Source information
========================================================================
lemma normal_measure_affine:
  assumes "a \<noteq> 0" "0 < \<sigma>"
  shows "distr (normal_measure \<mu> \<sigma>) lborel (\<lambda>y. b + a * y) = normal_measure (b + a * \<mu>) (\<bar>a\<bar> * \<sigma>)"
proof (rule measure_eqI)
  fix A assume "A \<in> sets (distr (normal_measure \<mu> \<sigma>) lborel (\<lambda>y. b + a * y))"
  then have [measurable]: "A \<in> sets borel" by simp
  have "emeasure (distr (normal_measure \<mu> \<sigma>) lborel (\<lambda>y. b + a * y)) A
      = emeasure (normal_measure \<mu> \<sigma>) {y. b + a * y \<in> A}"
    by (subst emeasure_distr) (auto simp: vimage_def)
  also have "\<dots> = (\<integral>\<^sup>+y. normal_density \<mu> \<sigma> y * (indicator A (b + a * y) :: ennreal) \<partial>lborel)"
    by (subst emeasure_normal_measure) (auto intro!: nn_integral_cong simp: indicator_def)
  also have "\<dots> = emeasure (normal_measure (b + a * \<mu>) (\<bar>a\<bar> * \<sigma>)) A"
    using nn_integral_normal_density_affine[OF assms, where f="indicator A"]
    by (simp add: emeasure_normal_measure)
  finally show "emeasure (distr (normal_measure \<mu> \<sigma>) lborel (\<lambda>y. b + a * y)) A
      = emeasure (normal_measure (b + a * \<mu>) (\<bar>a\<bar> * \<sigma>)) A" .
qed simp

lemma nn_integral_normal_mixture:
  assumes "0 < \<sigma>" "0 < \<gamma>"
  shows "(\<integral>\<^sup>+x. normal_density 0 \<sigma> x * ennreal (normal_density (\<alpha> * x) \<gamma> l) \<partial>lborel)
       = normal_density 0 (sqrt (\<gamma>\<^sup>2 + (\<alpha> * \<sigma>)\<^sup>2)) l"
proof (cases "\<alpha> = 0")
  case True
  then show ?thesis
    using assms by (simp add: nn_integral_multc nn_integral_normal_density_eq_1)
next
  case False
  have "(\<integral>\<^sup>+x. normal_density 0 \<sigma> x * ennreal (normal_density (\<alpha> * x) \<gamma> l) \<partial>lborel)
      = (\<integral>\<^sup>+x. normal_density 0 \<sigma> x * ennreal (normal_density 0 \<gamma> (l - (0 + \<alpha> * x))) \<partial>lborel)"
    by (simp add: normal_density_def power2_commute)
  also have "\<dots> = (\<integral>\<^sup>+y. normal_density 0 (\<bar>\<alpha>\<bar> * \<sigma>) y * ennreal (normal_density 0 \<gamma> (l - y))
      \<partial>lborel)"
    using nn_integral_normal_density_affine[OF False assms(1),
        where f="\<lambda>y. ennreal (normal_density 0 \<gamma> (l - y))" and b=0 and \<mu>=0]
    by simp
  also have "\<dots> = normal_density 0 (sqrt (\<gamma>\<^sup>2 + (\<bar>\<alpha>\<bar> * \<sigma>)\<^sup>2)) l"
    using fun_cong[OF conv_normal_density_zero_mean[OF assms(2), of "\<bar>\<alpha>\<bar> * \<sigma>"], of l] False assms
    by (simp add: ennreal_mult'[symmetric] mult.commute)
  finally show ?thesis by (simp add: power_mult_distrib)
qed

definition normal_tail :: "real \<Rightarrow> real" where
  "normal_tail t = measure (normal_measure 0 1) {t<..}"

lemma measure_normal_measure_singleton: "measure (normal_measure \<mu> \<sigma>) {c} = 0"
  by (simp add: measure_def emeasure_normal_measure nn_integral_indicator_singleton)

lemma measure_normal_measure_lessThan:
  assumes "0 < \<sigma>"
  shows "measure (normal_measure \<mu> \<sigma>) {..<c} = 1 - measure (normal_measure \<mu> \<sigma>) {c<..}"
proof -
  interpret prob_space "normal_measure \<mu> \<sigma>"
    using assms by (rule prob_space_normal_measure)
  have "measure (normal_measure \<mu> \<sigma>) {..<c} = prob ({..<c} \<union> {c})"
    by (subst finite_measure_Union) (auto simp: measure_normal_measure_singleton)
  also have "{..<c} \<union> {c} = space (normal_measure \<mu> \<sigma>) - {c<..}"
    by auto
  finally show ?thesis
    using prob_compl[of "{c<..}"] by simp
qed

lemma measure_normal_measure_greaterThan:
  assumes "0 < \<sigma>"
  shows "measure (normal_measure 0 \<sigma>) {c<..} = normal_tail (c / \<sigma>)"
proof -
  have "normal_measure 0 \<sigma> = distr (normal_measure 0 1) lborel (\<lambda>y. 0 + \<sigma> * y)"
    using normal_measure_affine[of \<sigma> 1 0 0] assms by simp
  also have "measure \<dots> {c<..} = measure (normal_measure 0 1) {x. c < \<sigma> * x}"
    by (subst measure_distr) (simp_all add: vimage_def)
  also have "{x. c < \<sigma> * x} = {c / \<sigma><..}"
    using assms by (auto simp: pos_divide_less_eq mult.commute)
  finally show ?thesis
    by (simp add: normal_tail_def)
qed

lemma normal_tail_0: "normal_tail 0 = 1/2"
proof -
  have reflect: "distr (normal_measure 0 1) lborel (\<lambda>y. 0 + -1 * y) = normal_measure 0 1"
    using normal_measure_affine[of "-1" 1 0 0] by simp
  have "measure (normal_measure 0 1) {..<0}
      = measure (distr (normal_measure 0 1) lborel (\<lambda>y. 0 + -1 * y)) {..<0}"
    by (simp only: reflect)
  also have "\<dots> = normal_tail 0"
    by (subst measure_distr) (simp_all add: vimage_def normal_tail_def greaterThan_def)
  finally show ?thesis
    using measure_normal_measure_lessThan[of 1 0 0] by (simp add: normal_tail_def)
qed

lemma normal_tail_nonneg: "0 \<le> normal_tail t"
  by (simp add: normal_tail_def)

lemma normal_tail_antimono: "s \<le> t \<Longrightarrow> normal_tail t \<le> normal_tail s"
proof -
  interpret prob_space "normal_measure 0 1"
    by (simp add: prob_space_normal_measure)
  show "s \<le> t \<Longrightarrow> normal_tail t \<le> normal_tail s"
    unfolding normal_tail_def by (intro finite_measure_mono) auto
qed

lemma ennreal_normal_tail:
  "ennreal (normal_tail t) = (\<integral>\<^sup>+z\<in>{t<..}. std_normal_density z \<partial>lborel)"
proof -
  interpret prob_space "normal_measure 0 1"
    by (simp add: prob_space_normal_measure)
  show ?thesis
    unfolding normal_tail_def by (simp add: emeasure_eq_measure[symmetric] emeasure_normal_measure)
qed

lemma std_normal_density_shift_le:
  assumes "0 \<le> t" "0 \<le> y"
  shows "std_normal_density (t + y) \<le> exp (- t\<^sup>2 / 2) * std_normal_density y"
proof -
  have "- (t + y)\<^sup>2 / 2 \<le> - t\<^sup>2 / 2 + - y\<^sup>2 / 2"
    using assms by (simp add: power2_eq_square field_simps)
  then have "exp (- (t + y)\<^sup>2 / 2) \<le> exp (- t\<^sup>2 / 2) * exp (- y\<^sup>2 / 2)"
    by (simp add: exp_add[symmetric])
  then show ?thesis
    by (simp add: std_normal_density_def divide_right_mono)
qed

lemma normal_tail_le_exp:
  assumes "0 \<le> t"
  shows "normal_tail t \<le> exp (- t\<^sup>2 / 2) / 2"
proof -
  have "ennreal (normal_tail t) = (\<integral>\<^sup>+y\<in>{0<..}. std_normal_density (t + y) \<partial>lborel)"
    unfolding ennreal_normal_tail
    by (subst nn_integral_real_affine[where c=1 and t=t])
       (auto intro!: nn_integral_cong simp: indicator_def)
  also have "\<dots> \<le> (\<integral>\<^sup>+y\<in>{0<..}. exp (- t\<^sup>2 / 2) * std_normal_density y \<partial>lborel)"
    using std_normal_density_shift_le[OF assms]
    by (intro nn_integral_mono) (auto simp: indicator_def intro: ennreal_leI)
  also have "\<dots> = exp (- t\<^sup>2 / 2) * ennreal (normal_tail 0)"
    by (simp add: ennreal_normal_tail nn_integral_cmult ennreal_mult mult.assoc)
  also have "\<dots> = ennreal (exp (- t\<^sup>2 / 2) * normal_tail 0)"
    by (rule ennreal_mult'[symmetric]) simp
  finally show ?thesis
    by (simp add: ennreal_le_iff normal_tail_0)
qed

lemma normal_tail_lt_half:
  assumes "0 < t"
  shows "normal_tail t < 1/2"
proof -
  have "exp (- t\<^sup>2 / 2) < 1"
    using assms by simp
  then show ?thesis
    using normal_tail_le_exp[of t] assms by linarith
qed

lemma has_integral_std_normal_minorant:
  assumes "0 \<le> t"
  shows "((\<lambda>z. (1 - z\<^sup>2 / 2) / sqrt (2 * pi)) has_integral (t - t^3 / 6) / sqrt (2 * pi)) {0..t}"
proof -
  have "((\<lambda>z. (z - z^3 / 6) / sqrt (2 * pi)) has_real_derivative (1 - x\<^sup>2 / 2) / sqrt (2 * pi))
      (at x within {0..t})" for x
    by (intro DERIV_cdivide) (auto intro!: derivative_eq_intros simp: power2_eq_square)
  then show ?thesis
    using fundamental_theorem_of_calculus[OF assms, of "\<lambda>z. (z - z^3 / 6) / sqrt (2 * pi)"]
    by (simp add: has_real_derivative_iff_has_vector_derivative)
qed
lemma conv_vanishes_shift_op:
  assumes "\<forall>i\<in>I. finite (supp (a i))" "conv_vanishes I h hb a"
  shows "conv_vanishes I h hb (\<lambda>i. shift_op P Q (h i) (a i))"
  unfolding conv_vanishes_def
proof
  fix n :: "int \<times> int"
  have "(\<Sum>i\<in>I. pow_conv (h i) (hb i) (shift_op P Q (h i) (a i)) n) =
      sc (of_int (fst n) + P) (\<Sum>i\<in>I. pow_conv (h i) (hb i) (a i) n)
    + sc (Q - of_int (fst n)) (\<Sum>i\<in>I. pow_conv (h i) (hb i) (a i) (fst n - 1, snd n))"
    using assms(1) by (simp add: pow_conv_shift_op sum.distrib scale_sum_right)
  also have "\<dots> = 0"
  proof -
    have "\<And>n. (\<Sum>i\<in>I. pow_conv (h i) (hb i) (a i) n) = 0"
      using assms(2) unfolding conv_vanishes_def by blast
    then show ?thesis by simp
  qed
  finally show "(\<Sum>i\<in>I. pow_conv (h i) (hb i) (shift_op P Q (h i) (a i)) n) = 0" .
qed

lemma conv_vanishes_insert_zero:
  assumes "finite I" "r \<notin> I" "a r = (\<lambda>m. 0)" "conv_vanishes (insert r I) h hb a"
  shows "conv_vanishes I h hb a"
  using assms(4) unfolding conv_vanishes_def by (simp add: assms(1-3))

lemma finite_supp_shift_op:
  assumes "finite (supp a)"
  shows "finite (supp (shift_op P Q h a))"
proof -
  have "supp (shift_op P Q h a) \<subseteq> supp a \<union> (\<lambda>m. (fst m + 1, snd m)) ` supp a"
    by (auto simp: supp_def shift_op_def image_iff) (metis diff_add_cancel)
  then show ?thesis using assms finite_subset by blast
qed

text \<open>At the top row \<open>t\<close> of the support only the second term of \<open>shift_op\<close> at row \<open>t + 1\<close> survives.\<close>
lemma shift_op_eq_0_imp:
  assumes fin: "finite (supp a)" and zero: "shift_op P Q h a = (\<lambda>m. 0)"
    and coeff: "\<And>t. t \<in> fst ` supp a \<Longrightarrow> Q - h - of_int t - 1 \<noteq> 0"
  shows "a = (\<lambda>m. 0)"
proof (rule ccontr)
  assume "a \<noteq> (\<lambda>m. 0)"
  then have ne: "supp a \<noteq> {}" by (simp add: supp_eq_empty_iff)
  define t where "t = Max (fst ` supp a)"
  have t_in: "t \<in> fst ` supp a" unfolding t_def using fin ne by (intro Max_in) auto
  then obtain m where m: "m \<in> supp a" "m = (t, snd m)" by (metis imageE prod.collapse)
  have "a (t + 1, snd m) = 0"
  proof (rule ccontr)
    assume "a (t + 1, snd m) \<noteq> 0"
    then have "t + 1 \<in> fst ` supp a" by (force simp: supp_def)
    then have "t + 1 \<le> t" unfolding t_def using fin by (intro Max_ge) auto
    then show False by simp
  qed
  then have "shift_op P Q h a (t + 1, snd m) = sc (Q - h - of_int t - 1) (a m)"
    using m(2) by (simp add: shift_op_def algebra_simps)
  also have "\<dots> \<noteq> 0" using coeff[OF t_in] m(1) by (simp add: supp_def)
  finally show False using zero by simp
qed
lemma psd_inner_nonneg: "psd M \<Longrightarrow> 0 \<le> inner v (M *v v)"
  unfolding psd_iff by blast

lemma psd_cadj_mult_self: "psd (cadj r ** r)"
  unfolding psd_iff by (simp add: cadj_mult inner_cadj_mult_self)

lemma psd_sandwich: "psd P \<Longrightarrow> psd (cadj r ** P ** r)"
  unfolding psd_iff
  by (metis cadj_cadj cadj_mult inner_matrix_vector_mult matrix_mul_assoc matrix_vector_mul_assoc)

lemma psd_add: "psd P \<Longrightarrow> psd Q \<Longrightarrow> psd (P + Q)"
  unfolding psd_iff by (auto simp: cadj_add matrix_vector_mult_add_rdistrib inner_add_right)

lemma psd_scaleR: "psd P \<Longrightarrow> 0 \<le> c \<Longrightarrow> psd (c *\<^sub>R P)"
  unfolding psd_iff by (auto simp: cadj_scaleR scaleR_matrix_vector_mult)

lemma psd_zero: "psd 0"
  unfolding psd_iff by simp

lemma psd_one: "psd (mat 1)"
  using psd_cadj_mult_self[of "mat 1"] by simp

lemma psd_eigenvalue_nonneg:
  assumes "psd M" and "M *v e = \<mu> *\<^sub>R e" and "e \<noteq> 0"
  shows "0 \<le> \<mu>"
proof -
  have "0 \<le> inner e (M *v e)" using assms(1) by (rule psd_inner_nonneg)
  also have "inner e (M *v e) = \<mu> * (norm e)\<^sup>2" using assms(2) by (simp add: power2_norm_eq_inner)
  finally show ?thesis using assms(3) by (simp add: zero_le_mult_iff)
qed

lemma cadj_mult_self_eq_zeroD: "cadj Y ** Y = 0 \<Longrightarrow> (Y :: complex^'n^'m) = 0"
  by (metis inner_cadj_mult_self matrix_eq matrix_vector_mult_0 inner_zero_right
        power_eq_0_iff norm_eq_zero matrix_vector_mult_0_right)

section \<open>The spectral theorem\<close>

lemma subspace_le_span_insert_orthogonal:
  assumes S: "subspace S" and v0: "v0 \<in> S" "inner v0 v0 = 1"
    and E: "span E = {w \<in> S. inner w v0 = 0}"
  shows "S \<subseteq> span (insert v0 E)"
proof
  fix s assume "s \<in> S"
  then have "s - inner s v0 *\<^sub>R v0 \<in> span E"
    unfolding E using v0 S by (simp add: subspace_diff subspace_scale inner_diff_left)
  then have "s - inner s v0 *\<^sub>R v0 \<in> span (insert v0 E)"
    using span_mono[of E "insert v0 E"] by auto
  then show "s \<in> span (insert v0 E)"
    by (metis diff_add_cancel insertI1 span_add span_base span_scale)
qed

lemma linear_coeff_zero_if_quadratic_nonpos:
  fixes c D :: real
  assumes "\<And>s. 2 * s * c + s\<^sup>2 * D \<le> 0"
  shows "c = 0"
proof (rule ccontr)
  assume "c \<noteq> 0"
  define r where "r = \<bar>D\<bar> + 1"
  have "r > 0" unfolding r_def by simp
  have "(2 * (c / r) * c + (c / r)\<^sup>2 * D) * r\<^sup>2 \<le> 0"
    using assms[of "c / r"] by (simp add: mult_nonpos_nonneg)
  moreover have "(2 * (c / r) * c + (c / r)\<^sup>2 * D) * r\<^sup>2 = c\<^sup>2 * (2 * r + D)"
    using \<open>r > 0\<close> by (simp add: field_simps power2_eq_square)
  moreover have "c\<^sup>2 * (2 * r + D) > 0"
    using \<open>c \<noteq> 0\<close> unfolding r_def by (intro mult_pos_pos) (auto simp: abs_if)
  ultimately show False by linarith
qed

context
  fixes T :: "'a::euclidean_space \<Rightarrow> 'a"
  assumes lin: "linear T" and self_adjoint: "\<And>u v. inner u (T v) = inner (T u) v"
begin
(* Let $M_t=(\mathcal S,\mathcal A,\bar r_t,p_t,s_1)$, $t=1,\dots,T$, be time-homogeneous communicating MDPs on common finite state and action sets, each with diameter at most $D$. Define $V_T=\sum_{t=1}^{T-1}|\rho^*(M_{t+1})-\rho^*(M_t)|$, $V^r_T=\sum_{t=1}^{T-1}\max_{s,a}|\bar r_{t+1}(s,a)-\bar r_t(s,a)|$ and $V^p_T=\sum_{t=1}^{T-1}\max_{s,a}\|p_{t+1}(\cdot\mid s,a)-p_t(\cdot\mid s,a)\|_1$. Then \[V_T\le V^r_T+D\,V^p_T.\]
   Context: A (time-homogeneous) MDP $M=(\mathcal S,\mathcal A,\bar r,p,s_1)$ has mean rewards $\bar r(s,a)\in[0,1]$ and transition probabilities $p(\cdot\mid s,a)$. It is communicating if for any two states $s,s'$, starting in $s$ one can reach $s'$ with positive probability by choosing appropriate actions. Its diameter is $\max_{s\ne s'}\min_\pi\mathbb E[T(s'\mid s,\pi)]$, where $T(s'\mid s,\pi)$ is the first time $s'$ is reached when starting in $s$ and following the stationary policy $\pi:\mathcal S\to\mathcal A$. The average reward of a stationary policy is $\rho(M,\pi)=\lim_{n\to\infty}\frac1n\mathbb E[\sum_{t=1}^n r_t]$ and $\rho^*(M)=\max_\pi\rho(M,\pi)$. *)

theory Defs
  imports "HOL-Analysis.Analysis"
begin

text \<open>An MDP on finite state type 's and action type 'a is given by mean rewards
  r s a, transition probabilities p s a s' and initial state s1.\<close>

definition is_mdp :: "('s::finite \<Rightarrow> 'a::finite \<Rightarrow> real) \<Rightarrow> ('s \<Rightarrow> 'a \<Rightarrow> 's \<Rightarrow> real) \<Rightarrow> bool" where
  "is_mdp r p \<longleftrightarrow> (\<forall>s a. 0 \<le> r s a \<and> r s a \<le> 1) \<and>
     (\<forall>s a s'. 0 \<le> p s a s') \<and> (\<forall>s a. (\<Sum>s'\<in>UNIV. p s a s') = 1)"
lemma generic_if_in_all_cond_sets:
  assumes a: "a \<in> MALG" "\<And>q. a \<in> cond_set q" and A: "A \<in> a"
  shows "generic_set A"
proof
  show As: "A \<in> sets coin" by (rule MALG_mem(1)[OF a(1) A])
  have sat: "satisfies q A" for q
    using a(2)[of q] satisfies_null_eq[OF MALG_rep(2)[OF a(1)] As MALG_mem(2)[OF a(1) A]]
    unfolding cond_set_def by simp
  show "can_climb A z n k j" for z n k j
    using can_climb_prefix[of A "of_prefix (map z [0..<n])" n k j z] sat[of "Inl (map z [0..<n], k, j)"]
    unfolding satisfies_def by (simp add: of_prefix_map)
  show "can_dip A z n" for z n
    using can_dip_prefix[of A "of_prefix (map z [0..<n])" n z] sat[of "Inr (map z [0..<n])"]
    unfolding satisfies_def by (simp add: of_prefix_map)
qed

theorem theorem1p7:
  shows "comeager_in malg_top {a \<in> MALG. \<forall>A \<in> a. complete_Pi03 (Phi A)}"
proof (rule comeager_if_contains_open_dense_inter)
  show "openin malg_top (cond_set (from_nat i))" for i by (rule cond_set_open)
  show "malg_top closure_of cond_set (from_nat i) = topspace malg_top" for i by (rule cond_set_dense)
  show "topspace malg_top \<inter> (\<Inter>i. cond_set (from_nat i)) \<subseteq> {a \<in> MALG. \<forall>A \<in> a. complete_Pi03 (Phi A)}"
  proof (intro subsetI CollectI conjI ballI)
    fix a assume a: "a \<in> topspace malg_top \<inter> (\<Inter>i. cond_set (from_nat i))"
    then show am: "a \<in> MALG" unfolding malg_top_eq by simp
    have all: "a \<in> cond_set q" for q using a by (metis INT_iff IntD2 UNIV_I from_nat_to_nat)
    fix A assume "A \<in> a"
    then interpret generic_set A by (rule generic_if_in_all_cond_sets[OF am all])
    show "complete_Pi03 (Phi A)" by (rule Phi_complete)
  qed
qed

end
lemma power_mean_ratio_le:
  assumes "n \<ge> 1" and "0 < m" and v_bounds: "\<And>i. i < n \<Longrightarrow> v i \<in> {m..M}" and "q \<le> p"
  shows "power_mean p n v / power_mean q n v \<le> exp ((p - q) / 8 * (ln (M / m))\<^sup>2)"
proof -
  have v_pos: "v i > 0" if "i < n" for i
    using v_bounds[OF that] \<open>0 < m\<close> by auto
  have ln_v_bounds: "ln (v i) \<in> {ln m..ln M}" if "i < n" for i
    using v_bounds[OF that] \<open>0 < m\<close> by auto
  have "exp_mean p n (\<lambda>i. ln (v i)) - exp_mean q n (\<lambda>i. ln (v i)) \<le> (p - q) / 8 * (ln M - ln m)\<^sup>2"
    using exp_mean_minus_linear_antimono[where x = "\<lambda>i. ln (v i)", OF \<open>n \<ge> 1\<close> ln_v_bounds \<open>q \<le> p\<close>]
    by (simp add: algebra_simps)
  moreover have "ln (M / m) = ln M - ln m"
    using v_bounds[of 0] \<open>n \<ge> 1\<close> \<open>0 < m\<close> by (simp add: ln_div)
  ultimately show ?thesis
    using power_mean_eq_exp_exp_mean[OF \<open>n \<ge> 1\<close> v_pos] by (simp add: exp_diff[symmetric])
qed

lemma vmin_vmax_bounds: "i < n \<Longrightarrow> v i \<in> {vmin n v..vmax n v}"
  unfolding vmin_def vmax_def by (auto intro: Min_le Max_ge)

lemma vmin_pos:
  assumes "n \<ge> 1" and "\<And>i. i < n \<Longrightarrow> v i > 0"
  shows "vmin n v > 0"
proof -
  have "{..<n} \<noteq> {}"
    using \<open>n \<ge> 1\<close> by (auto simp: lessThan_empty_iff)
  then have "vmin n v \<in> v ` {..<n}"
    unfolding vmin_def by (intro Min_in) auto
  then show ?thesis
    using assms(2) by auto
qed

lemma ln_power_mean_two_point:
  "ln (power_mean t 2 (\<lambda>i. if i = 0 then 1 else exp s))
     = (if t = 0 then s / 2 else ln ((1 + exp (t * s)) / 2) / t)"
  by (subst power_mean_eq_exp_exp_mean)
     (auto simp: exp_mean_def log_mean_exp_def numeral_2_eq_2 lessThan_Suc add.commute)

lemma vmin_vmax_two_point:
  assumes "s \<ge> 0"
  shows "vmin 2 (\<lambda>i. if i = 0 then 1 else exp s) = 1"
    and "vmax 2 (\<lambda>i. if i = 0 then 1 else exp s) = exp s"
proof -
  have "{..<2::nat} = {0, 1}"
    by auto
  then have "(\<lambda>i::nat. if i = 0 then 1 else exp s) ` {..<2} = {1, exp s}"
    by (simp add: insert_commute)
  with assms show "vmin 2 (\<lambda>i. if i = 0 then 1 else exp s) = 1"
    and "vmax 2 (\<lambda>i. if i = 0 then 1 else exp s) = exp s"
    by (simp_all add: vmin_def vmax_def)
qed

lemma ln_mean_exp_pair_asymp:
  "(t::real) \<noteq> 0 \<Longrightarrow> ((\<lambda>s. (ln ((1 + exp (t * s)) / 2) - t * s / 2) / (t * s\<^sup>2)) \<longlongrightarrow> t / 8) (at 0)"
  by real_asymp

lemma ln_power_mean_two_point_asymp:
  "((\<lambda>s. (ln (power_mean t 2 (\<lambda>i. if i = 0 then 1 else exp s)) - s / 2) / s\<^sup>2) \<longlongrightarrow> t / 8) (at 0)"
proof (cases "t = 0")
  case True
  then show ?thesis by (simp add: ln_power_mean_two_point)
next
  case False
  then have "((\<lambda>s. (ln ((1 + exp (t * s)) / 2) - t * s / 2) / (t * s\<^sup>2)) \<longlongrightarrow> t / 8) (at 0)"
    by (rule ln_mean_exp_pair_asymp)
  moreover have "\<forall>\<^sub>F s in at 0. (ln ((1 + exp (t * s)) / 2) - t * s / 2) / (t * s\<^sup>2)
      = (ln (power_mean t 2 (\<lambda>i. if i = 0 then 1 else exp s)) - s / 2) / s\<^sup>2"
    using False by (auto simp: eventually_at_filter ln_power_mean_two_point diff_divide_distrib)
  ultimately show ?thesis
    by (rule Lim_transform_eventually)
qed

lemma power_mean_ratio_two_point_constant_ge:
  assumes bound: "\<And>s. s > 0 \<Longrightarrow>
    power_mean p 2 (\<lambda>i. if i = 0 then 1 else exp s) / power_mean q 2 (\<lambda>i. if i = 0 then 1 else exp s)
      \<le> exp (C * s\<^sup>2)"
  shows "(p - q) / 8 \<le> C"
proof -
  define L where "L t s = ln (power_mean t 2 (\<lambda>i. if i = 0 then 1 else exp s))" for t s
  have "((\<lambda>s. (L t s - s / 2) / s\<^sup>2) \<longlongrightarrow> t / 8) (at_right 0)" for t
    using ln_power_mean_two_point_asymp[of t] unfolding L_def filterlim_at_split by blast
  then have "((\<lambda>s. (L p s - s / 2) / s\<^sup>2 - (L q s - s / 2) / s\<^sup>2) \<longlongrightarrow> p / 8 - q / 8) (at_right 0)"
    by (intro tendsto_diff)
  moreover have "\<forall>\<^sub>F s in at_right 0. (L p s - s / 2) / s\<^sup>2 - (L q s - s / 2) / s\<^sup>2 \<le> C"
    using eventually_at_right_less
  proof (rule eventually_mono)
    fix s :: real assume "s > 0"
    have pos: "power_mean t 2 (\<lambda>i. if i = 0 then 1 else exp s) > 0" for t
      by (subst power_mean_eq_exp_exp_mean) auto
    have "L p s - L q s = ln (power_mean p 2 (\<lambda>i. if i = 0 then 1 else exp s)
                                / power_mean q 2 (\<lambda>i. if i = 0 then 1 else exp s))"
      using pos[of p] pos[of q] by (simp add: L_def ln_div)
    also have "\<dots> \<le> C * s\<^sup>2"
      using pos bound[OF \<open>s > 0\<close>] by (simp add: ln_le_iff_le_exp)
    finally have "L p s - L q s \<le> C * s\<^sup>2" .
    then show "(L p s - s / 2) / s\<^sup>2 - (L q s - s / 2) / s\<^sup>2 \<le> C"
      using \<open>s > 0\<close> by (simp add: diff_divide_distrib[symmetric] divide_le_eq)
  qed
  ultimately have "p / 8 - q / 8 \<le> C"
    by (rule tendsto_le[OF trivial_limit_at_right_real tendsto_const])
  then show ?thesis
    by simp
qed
========================================================================
Task item
Given the records above, restate word for word only the lines starting at the one with "r s a, transition" and ending at the one with "a \<le> 1) \<and>".

Finished exercise
  r s a, transition probabilities p s a s' and initial state s1.\<close>

definition is_mdp :: "('s::finite \<Rightarrow> 'a::finite \<Rightarrow> real) \<Rightarrow> ('s \<Rightarrow> 'a \<Rightarrow> 's \<Rightarrow> real) \<Rightarrow> bool" where
  "is_mdp r p \<longleftrightarrow> (\<forall>s a. 0 \<le> r s a \<and> r s a \<le> 1) \<and>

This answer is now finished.